The pageboy was popular among men during the early Renaissance.

This haircut was also popular in the 1900s with young boys as it was first popularized by child actors, such as John Tansey and, later, Jackie Coogan. The pageboy look on boys is often referred to as the Dutch Boy look after the popular fictional character. The pageboy returned to male fashion in the 1960s for grown men with straight hair after getting popularized by British rock bands such as The Beatles and The Rolling Stones. This was copied by many of the U.S. garage rock/punk bands, including The Chocolate Watchband, ? and the Mysterians, The Monkees and the Count Five. Andy Warhol and several members of The Velvet Underground also sported the androgynous haircut. The early Ramones haircuts were elongated pageboys, also sported, though less long, by the male members of Blondie. In the 1980s, the haircut became a symbol of garage punk and UK beat music as seen on the album Rockabilly Psychosis and the Garage Disease and worn by bands with 1960s influences, such as The Barracudas and Primal Scream. Mansun lead guitarist, Dominic Chad, was known for sporting this haircut in the late nineties.

Although it is currently a hairstyle worn far more by women, many men have worn it, including characters such as Mowgli in Disney's 1967 version of The Jungle Book, Luke Skywalker in 1977's Star Wars, He-Man in his 1980s incarnation, Anton Chigurh in No Country for Old Men, and the eponymous star of the American comic strip Prince Valiant.
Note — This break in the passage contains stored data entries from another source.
lemma aregD:
  "x \<in> areg R \<Longrightarrow> y \<in> carrier R \<Longrightarrow> x \<otimes> y \<in> nilradical R \<Longrightarrow> y \<in> nilradical R"
  by (simp add: areg_iff)

lemma areg_closed: "x \<in> areg R \<Longrightarrow> x \<in> carrier R"
  by (simp add: areg_iff)

lemma areg_add_nilradical_iff:
  assumes "x \<in> carrier R" and "n \<in> nilradical R"
  shows "x \<oplus> n \<in> areg R \<longleftrightarrow> x \<in> areg R"
proof -
  have n: "n \<in> carrier R" using assms(2) nilradical_subset by auto
  have "(x \<oplus> n) \<otimes> y \<in> nilradical R \<longleftrightarrow> x \<otimes> y \<in> nilradical R" if "y \<in> carrier R" for y
    using that assms n nilradical_mult_closed nilradical_add_iff
    by (simp add: l_distr m_comm[of n])
  then show ?thesis
    using assms n by (simp add: areg_iff)
qed

lemma areg_add_mult:
  assumes s: "s \<in> carrier R" and s': "s' \<in> carrier R" and r: "r \<in> areg R"
    and orth: "s \<otimes> s' = \<zero>" and sum: "s \<oplus> s' \<in> areg R"
  shows "s \<oplus> s' \<otimes> r \<in> areg R"
proof -
  have r_carr: "r \<in> carrier R" using r by (rule areg_closed)
  have "y \<in> nilradical R" if y: "y \<in> carrier R" and h: "(s \<oplus> s' \<otimes> r) \<otimes> y \<in> nilradical R" for y
  proof -
    define u w where "u = s \<otimes> y" and "w = r \<otimes> (s' \<otimes> y)"
    have u: "u \<in> carrier R" and w: "w \<in> carrier R"
      unfolding u_def w_def using s s' r_carr y by auto
    have "(s \<oplus> s' \<otimes> r) \<otimes> y = u \<oplus> w"
      unfolding u_def w_def using s s' r_carr y by algebra
    then have "u \<oplus> w \<in> nilradical R" using h by simp
    moreover have "u \<otimes> w = (s \<otimes> s') \<otimes> (r \<otimes> y \<otimes> y)"
      unfolding u_def w_def using s s' r_carr y by algebra
    then have "u \<otimes> w = \<zero>" using orth r_carr y by simp
    ultimately have "u \<in> nilradical R" and "w \<in> nilradical R"
      using u w orthogonal_sum_in_nilradicalD[of u w] orthogonal_sum_in_nilradicalD[of w u]
      by (simp_all add: a_comm m_comm)
    moreover have "(s \<oplus> s') \<otimes> y = u \<oplus> s' \<otimes> y"
      unfolding u_def using s s' y by algebra
    ultimately have "(s \<oplus> s') \<otimes> y \<in> nilradical R"
      using aregD[OF r] s' y nilradical_add_closed unfolding w_def by simp
    then show ?thesis
      using aregD[OF sum] y by blast
  qed
  then show ?thesis
    using s s' r_carr by (simp add: areg_iff)
qed

end

lemma atorsion_ideal_as_module_iff:
  "atorsion A (ideal_as_module T I) \<longleftrightarrow> (\<forall>m \<in> I. \<exists>r \<in> areg A. r \<otimes>\<^bsub>T\<^esub> m = \<zero>\<^bsub>T\<^esub>)"
  by (simp add: atorsion_def ideal_as_module_def)

locale nil_splitting = cring T for T (structure) +
  fixes S I :: "'a set"
  assumes S_subring: "subring S T" and I_ideal: "ideal I T" and I_nil: "I \<subseteq> nilradical T"
    and carrier_split: "carrier T = S <+>\<^bsub>T\<^esub> I" and S_I_disjoint: "S \<inter> I = {\<zero>}"
begin

lemma S_subset: "S \<subseteq> carrier T"
  using subringE(1)[OF S_subring] .

lemma I_subset: "I \<subseteq> carrier T"
  using ideal.axioms(1)[OF I_ideal] additive_subgroup.a_subset by blast

lemma cring_S: "cring (T\<lparr>carrier := S\<rparr>)"
  using subcring_iff[OF S_subset] subcringI'[OF S_subring] by blast

lemma nilradical_S: "nilradical (T\<lparr>carrier := S\<rparr>) = nilradical T \<inter> S"
  unfolding nilradical_def using S_subset by auto

lemma areg_S_iff:
  "x \<in> areg (T\<lparr>carrier := S\<rparr>) \<longleftrightarrow>
     x \<in> S \<and> (\<forall>y \<in> S. x \<otimes> y \<in> nilradical T \<longrightarrow> y \<in> nilradical T)"
  using cring.areg_iff[OF cring_S] subringE(6)[OF S_subring] unfolding nilradical_S by auto

lemma split_elem:
  assumes "t \<in> carrier T"
  obtains s i where "s \<in> S" "i \<in> I" "t = s \<oplus> i"
  using assms unfolding carrier_split set_add_def' by blast

lemma S_I_sum_zeroD:
  assumes "s \<in> S" "i \<in> I" "s \<oplus> i = \<zero>"
  shows "s = \<zero>"
proof -
  have "s = \<ominus> i"
    using assms S_subset I_subset by (metis minus_equality subsetD)
  then have "s \<in> I"
    using assms(2) I_ideal by (simp add: additive_subgroup.a_inv_closed ideal.axioms(1))
  then show ?thesis
    using assms(1) S_I_disjoint by blast
qed

lemma areg_S_iff_areg:
  assumes s: "s \<in> S"
  shows "s \<in> areg (T\<lparr>carrier := S\<rparr>) \<longleftrightarrow> s \<in> areg T"
proof
  assume areg_S: "s \<in> areg (T\<lparr>carrier := S\<rparr>)"
  have "y \<in> nilradical T" if y: "y \<in> carrier T" and sy: "s \<otimes> y \<in> nilradical T" for y
  proof -
    obtain s' i' where split: "s' \<in> S" "i' \<in> I" "y = s' \<oplus> i'"
      using split_elem[OF y] .
    have carr: "s \<in> carrier T" "s' \<in> carrier T" "i' \<in> carrier T"
      using s split S_subset I_subset by auto
    have i'_nil: "i' \<in> nilradical T" using split(2) I_nil by blast
    then have "s \<otimes> s' \<oplus> s \<otimes> i' \<in> nilradical T"
      using sy carr split(3) by (simp add: r_distr)
    then have "s \<otimes> s' \<in> nilradical T"
      using carr i'_nil nilradical_mult_closed nilradical_add_iff by simp
    then have "s' \<in> nilradical T"
      using areg_S split(1) unfolding areg_S_iff by blast
    then show ?thesis
      using i'_nil split(3) nilradical_add_closed by simp
  qed
  then show "s \<in> areg T"
    using s S_subset by (auto simp: areg_iff)
qed (use s S_subset in \<open>auto simp: areg_iff areg_S_iff\<close>)

lemma areg_add_ideal_iff:
  assumes "s \<in> S" and "i \<in> I"
  shows "s \<oplus> i \<in> areg T \<longleftrightarrow> s \<in> areg (T\<lparr>carrier := S\<rparr>)"
  using assms S_subset I_nil areg_add_nilradical_iff areg_S_iff_areg by blast

lemma roughly_complemented_lift:
  assumes rc_S: "roughly_complemented (T\<lparr>carrier := S\<rparr>)"
    and torsion: "atorsion (T\<lparr>carrier := S\<rparr>) (ideal_as_module T I)"
  shows "roughly_complemented T"
  unfolding roughly_complemented_def
proof
  fix a assume "a \<in> carrier T"
  then obtain s i where split: "s \<in> S" "i \<in> I" "a = s \<oplus> i"
    by (rule split_elem)
  obtain s' where s': "s' \<in> S" "s \<otimes> s' = \<zero>" "s \<oplus> s' \<in> areg (T\<lparr>carrier := S\<rparr>)"
    using rc_S split(1) unfolding roughly_complemented_def by auto
  have "i \<otimes> s' \<in> I"
    using I_ideal split(2) s'(1) S_subset by (simp add: ideal.I_r_closed subsetD)
  then obtain r where r: "r \<in> areg (T\<lparr>carrier := S\<rparr>)" "r \<otimes> (i \<otimes> s') = \<zero>"
    using torsion unfolding atorsion_ideal_as_module_iff by blast
  have "r \<in> S" using r(1) unfolding areg_S_iff by blast
  then have carr: "s \<in> carrier T" "i \<in> carrier T" "s' \<in> carrier T" "r \<in> carrier T"
    using split s'(1) S_subset I_subset by auto
  have "a \<otimes> (s' \<otimes> r) = (s \<otimes> s') \<otimes> r \<oplus> r \<otimes> (i \<otimes> s')"
    using carr unfolding split(3) by algebra
  then have orth: "a \<otimes> (s' \<otimes> r) = \<zero>"
    using s'(2) r(2) carr by simp
  have "s \<oplus> s' \<otimes> r \<in> areg (T\<lparr>carrier := S\<rparr>)"
    using cring.areg_add_mult[OF cring_S, of s s' r] split(1) s' r(1) by simp
  then have "(s \<oplus> s' \<otimes> r) \<oplus> i \<in> areg T"
    using areg_add_ideal_iff split(2) subringE(6,7)[OF S_subring] split(1) s'(1) \<open>r \<in> S\<close>
    by blast
  moreover have "(s \<oplus> s' \<otimes> r) \<oplus> i = a \<oplus> s' \<otimes> r"
    using carr unfolding split(3) by algebra
  ultimately show "\<exists>b \<in> carrier T. a \<otimes> b = \<zero> \<and> a \<oplus> b \<in> areg T"
    using orth carr by auto
qed

lemma roughly_complemented_S:
  assumes rc_T: "roughly_complemented T"
  shows "roughly_complemented (T\<lparr>carrier := S\<rparr>)"
proof -
  have "\<exists>b \<in> S. a \<otimes> b = \<zero> \<and> a \<oplus> b \<in> areg (T\<lparr>carrier := S\<rparr>)" if a: "a \<in> S" for a
  proof -
    have a_carr: "a \<in> carrier T" using a S_subset by auto
    then obtain b where b: "b \<in> carrier T" "a \<otimes> b = \<zero>" "a \<oplus> b \<in> areg T"
      using rc_T unfolding roughly_complemented_def by blast
    obtain s' i' where split: "s' \<in> S" "i' \<in> I" "b = s' \<oplus> i'"
      using split_elem[OF b(1)] .
    have carr: "s' \<in> carrier T" "i' \<in> carrier T"
      using split S_subset I_subset by auto
    have "a \<otimes> s' \<oplus> a \<otimes> i' = \<zero>"
      using b(2) a_carr carr unfolding split(3) by (simp add: r_distr)
    moreover have "a \<otimes> s' \<in> S" "a \<otimes> i' \<in> I"
      using a split subringE(6)[OF S_subring] I_ideal a_carr by (auto simp: ideal.I_l_closed)
    ultimately have "a \<otimes> s' = \<zero>"
      using S_I_sum_zeroD by blast
    moreover have "(a \<oplus> s') \<oplus> i' \<in> areg T"
      using b(3) a_carr carr unfolding split(3) by (simp add: a_assoc)
    then have "a \<oplus> s' \<in> areg (T\<lparr>carrier := S\<rparr>)"
      using areg_add_ideal_iff split(2) subringE(7)[OF S_subring] a split(1) by auto
    ultimately show ?thesis
      using split(1) by blast
  qed
  then show ?thesis
    unfolding roughly_complemented_def by simp
qed

lemma atorsion_I:
  assumes I_square: "\<forall>x \<in> I. \<forall>y \<in> I. x \<otimes> y = \<zero>" and rc_T: "roughly_complemented T"
  shows "atorsion (T\<lparr>carrier := S\<rparr>) (ideal_as_module T I)"
  unfolding atorsion_ideal_as_module_iff
proof
  fix m assume m: "m \<in> I"
  then have m_carr: "m \<in> carrier T" using I_subset by auto
  then obtain b where b: "b \<in> carrier T" "m \<otimes> b = \<zero>" "m \<oplus> b \<in> areg T"
    using rc_T unfolding roughly_complemented_def by blast
  obtain s' i' where split: "s' \<in> S" "i' \<in> I" "b = s' \<oplus> i'"
    using split_elem[OF b(1)] .
  have carr: "s' \<in> carrier T" "i' \<in> carrier T"
    using split S_subset I_subset by auto
  have "m \<otimes> s' \<oplus> m \<otimes> i' = \<zero>"
    using b(2) m_carr carr unfolding split(3) by (simp add: r_distr)
  then have "s' \<otimes> m = \<zero>"
    using I_square m split(2) m_carr carr by (simp add: m_comm)
  moreover have "s' \<oplus> (m \<oplus> i') \<in> areg T"
    using b(3) m_carr carr unfolding split(3) by (simp add: a_ac)
  then have "s' \<in> areg (T\<lparr>carrier := S\<rparr>)"
    using areg_add_ideal_iff split(1,2) m I_ideal by (simp add: additive_subgroup.a_closed ideal.axioms(1))
  ultimately show "\<exists>r \<in> areg (T\<lparr>carrier := S\<rparr>). r \<otimes> m = \<zero>"
    by blast
qed

end

lemma nil_splittingI:
  "cring T \<Longrightarrow> subring S T \<Longrightarrow> ideal I T \<Longrightarrow> I \<subseteq> nilradical T \<Longrightarrow>
    carrier T = S <+>\<^bsub>T\<^esub> I \<Longrightarrow> S \<inter> I = {\<zero>\<^bsub>T\<^esub>} \<Longrightarrow> nil_splitting T S I"
  by (simp add: nil_splitting_def nil_splitting_axioms_def)

context module
begin

abbreviation RM where "RM \<equiv> idealization R M"

lemma idealization_carrier: "carrier RM = carrier R \<times> carrier M"
  by (simp add: idealization_def)

lemma idealization_mult:
  "p \<otimes>\<^bsub>RM\<^esub> q = (fst p \<otimes> fst q, fst p \<odot>\<^bsub>M\<^esub> snd q \<oplus>\<^bsub>M\<^esub> fst q \<odot>\<^bsub>M\<^esub> snd p)"
  by (cases p; cases q) (simp add: idealization_def)

lemma idealization_add: "p \<oplus>\<^bsub>RM\<^esub> q = (fst p \<oplus> fst q, snd p \<oplus>\<^bsub>M\<^esub> snd q)"
  by (cases p; cases q) (simp add: idealization_def)

lemma idealization_one: "\<one>\<^bsub>RM\<^esub> = (\<one>, \<zero>\<^bsub>M\<^esub>)"
  by (simp add: idealization_def)

lemma idealization_zero: "\<zero>\<^bsub>RM\<^esub> = (\<zero>, \<zero>\<^bsub>M\<^esub>)"
  by (simp add: idealization_def)

lemmas idealization_simps =
  idealization_carrier idealization_mult idealization_add idealization_one idealization_zero

lemma cring_idealization: "cring RM"
proof (rule cringI)
  show "abelian_group RM"
  proof (rule abelian_groupI)
    fix x assume "x \<in> carrier RM"
    then show "\<exists>y \<in> carrier RM. y \<oplus>\<^bsub>RM\<^esub> x = \<zero>\<^bsub>RM\<^esub>"
      by (intro bexI[of _ "(\<ominus> fst x, \<ominus>\<^bsub>M\<^esub> snd x)"]) (auto simp: idealization_simps R.l_neg M.l_neg)
  qed (auto simp: idealization_simps R.a_ac M.a_ac)
  show "comm_monoid RM"
    by (rule comm_monoidI)
      (auto simp: idealization_simps R.m_ac M.a_ac smult_r_distr smult_assoc1[symmetric])
qed (auto simp: idealization_simps R.l_distr smult_l_distr smult_r_distr M.a_ac)

lemma idealization_pow_fst:
  "x \<in> carrier RM \<Longrightarrow> fst (x [^]\<^bsub>RM\<^esub> (n::nat)) = fst x [^] n"
  by (induct n) (simp_all add: idealization_simps)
The latter instance inspired the pageboy's sometime nickname of "the Prince Valiant" or "Prince Valiant cut". The character of Willy Wonka as played by Johnny Depp in the film version of Charlie and the Chocolate Factory wore this hairstyle.

David McCallum wore the hairstyle in the 1975 TV series The Invisible Man and child actor Adam Rich popularized it for children in the series Eight Is Enough, which ran from 1977 to 1981. Roughly during the run of this show, 1977–1981, hairstyles of similar length over the ears became almost universal for American boys and even young men.

English musician, Liam Gallagher during the later days of Oasis’s career in the 2000s, and later in the early 2010s, during his stint with Beady Eye sported this hairstyle.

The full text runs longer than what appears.